Mais on dirait cette peinture élémentaire condamnée à ne pas
évoluer, vouée à la disparition brutale. Les eaux tièdes ont obligé
les chasseurs de rennes à fuir l’Europe occidentale, les Bushmens
se sont dispersés à l’arrivée des Cafres, des Boers, des Anglais,
et la colonisation de l’Australie réduit de jour en jour le nombre
des indigènes qui couvraient les rochers de la grande île de
fresques noires, sulfureuses, rouges et bleues, témoignant de la
naissance d’un esprit généralisateur dont les rudiments sont
peut-être moins visibles chez les habitants de l’Afrique que chez
quelques peuples océaniens. L’art de Polynésie, comme l’art
oriental en général, semblerait avant tout tendre à la décoration,
alors que l’art d’Afrique, comme l’art européen, aurait une
tendance plus marquée à isoler la forme pour l’examiner dans son
action propre et son caractère individuel.
    Il est vrai que le climat et la nature
océanienne offrent à la sensibilité des Polynésiens des ressources
qu’on ne trouve pas en Afrique. Le morcellement de la race,
dispersée en des milliers d’îles et d’îlots que séparent d’énormes
étendues de mer, a peut-être seul empêché, en s’opposant à la
cohésion nécessaire, une grande civilisation de naître dans le
Pacifique et d’essaimer alentour. Et maintenant il est trop
tard : la conquête européenne, les maladies, l’alcool, la
morale et la religion qu’elle leur apporte les ont anémiés,
décimés, vaincus. Ils commencent déjà à ne plus sentir vivre en eux
le poème naturel qui les entoure et qui les a formés.
    Les îles où tous les germes du ciel sont venus
déposer des forêts fleuries couvrent l’océan bleu comme les
cyclades grecques parsèment, des promontoires du Péloponnèse aux
golfes asiatiques, la Méditerranés d’Orient. C’est une prodigieuse
nature, saine bien que suant la fécondité et environnée de parfums,
gorgée de fruits, gorgée de fleurs, éblouie d’oiseaux de feu et de
pierres colorées, et réfléchissant ses bois qui descendent jusqu’au
bord des eaux, dans la coupe de saphir noir incrusté de perles où
les monstres marins habitent des cavernes de corail. La belle race
au front haut qui l’habite est naturellement artiste, vivant en
plein air, en plein vent marin, parmi les formes splendides et
l’orgie brûlante des couleurs. Elle parle une langue harmonieuse,
elle aime la danse, la guerre et la musique, tresse des fleurs en
couronnes et en guirlandes et se livre à l’amour dans les sources
et le soleil. Sa mythologie est très proche, par sa grâce
triomphante, son parfum d’aurore et de ciel, son symbolisme de
cristal, des vieilles légendes ioniennes. Une vie un peu moins
facile et l’unité eussent fécondé l’avenir.

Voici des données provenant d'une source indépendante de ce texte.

text \<open>The value n is inserted in front of the longest suffix of a permutation realising the
  pairs of T not involving n whose entries a all satisfy (a, n) \<in> T.\<close>

lemma ex_perm_invs:
  assumes "T \<subseteq> {(a, b). 1 \<le> a \<and> a < b \<and> b \<le> n}" "trans T" "coclosed T"
  shows "\<exists>z\<in>perms n. invs z = T"
  using assms
proof (induction n arbitrary: T)
  case 0
  then show ?case by (auto simp: perms_def invs_precedes)
next
  case (Suc m)
  define T' where "T' = {(a, b) \<in> T. b \<noteq> Suc m}"
  define A where "A = {a. (a, Suc m) \<in> T}"
  have "T' \<subseteq> {(a, b). 1 \<le> a \<and> a < b \<and> b \<le> m}" using Suc.prems(1) by (fastforce simp: T'_def)
  moreover have "trans T'"
    using Suc.prems(1,2) unfolding T'_def trans_def by fastforce
  moreover have "coclosed T'"
    using Suc.prems(1,3) unfolding T'_def coclosed_def by fastforce
  ultimately obtain q where q: "q \<in> perms m" "invs q = T'" using Suc.IH by blast
  have dq: "distinct q" and sq: "set q = {1..m}" using q(1) by (auto simp: perms_def)
  obtain u v where uv: "q = u @ v" "set v \<subseteq> A" "u \<noteq> [] \<Longrightarrow> last u \<notin> A"
    using split_maximal_suffix[of q A] by blast
  have "set v = A"
  proof (rule maximal_suffix_eq[OF uv])
    show "A \<subseteq> set q" using Suc.prems(1) sq by (auto simp: A_def)
    show "\<not> precedes q a l" if a: "a \<in> A" and l: "l \<in> set q - A" for a l
    proof
      assume ql: "precedes q a l"
      have "l \<noteq> a" using a l by blast
      then consider "l < a" | "a < l" by linarith
      then show False
      proof cases
        case 1
        then have "(l, a) \<in> T" using ql q(2) by (auto simp: invs_precedes T'_def)
        then have "(l, Suc m) \<in> T" using a Suc.prems(2) by (auto simp: A_def dest: transD)
        then show False using l by (simp add: A_def)
      next
        case 2
        have "l \<le> m" using l sq by auto
        then have "(a, l) \<in> T \<or> (l, Suc m) \<in> T" using coclosedD[OF Suc.prems(3)] a 2 by (simp add: A_def)
        then have "(a, l) \<in> invs q" using l \<open>l \<le> m\<close> q(2) by (auto simp: A_def T'_def)
        then show False using ql precedes_asym[OF dq] by (auto simp: invs_precedes)
      qed
    qed
  qed
  have up: "u @ v \<in> perms (Suc m - 1)" using q(1) uv(1) by simp
  have "invs (u @ Suc m # v) = T' \<union> (\<lambda>a. (a, Suc m)) ` A"
    using invs_split_max[OF insert_max(1)[OF _ up]] insert_max(2,3)[OF _ up] q(2) uv(1) \<open>set v = A\<close>
    by simp
  also have "\<dots> = T" by (auto simp: T'_def A_def)
  finally show ?case using insert_max(1)[OF _ up] by auto
qed

lemma trancl_less: "(a, c) \<in> S\<^sup>+ \<Longrightarrow> (\<And>a b. (a, b) \<in> S \<Longrightarrow> a < (b::nat)) \<Longrightarrow> a < c"
  by (induction rule: trancl_induct) force+

lemma coclosed_trancl:
  assumes C: "coclosed S" and L: "\<And>a b. (a, b) \<in> S \<Longrightarrow> a < (b::nat)"
  shows "coclosed (S\<^sup>+)"
  unfolding coclosed_def
proof (intro allI impI)
  fix a b c assume "(a, c) \<in> S\<^sup>+"
  then show "a < b \<Longrightarrow> b < c \<Longrightarrow> (a, b) \<in> S\<^sup>+ \<or> (b, c) \<in> S\<^sup>+"
  proof (induction arbitrary: b rule: trancl_induct)
    case (base c)
    then show ?case using coclosedD[OF C] by blast
  next
    case (step d c)
    have "a < d" using trancl_less[OF step.hyps(1) L] .
    consider "b < d" | "b = d" | "d < b" by linarith
    then show ?case
    proof cases
      case 1
      then show ?thesis using step.IH step.prems(1) step.hyps(2) by (meson trancl.trancl_into_trancl)
    next
      case 2
      then show ?thesis using step.hyps(2) by blast
    next
      case 3
      then have "(d, b) \<in> S \<or> (b, c) \<in> S" using coclosedD[OF C step.hyps(2)] step.prems(2) by blast
      then show ?thesis using step.hyps(1) by (meson r_into_trancl' trancl.trancl_into_trancl)
    qed
  qed
qed

lemma weak_join_exists:
  assumes x: "x \<in> perms n" and y: "y \<in> perms n"
  obtains z where "is_join n x y z"
proof -
  define S where "S = invs x \<union> invs y"
  define B where "B = {(a, b). 1 \<le> a \<and> a < b \<and> (b::nat) \<le> n}"
  have "S \<subseteq> B" using invs_perms_subset[OF x] invs_perms_subset[OF y] by (auto simp: S_def B_def)
  moreover have "trans B" unfolding trans_def B_def by auto
  ultimately have "S\<^sup>+ \<subseteq> B" by (metis trancl_id trancl_mono subsetI)
  moreover have "coclosed S"
    using coclosed_invs[OF x] coclosed_invs[OF y] unfolding S_def coclosed_def by blast
  then have "coclosed (S\<^sup>+)" using coclosed_trancl \<open>S \<subseteq> B\<close> by (auto simp: B_def)
  ultimately obtain z where z: "z \<in> perms n" "invs z = S\<^sup>+"
    using ex_perm_invs[of "S\<^sup>+" n] trans_trancl[of S] unfolding B_def by blast
  have "is_join n x y z"
    unfolding is_join_def weak_le_def
  proof (intro conjI ballI impI)
    show "invs x \<subseteq> invs z" "invs y \<subseteq> invs z" using z(2) by (auto simp: S_def)
    fix w assume w: "w \<in> perms n" and "invs x \<subseteq> invs w \<and> invs y \<subseteq> invs w"
    then have "S \<subseteq> invs w" by (simp add: S_def)
    moreover have "trans (invs w)" using w trans_invs by (simp add: perms_def)
    ultimately show "invs z \<subseteq> invs w" using z(2) trancl_mono trancl_id by (metis subsetI)
  qed (fact z(1))
  then show ?thesis by (rule that)
qed

lemma is_join_if_le: "x \<in> perms n \<Longrightarrow> weak_le y x \<Longrightarrow> is_join n x y x"
  by (simp add: is_join_def weak_le_def)

lemma is_meet_if_le: "x \<in> perms n \<Longrightarrow> weak_le x y \<Longrightarrow> is_meet n x y x"
  by (simp add: is_meet_def weak_le_def)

    Les dieux que les Polynésiens ont découpés
dans la matière tendre du bois pour les dresser ensuite sur le
rivage ou à la porte de leurs cabanes, sont en général plus animés
que les silhouettes symétriques taillées par les Africains.
Peut-être aussi sont-ils moins ingénument conçus et d’un art moins
sévère. Plus de tendance au style, semble-t-il, mais plus
d’adresse, et moins de force aussi. Les orbites, les lèvres, les
narines, les oreilles deviennent, dans les plus intéressantes de
ces images, le point de départ de longues lignes parallèles
profondément creusées et soutenues, de spirales et de volutes
obéissant à une intention de démonstration religieuse ou
d’intimidation guerrière où l’accord est profond et pur entre
l’esprit du mythe et son expression résumée. Ce ne sont plus des
poupées terribles par leur seule candeur. Elles sont violemment et
consciemment expressives, avec les attributs du meurtre et des
visages cruels, et les couleurs qui les couvrent sont les symboles
de leur férocité dans le combat et de leur ardeur dans l’amour.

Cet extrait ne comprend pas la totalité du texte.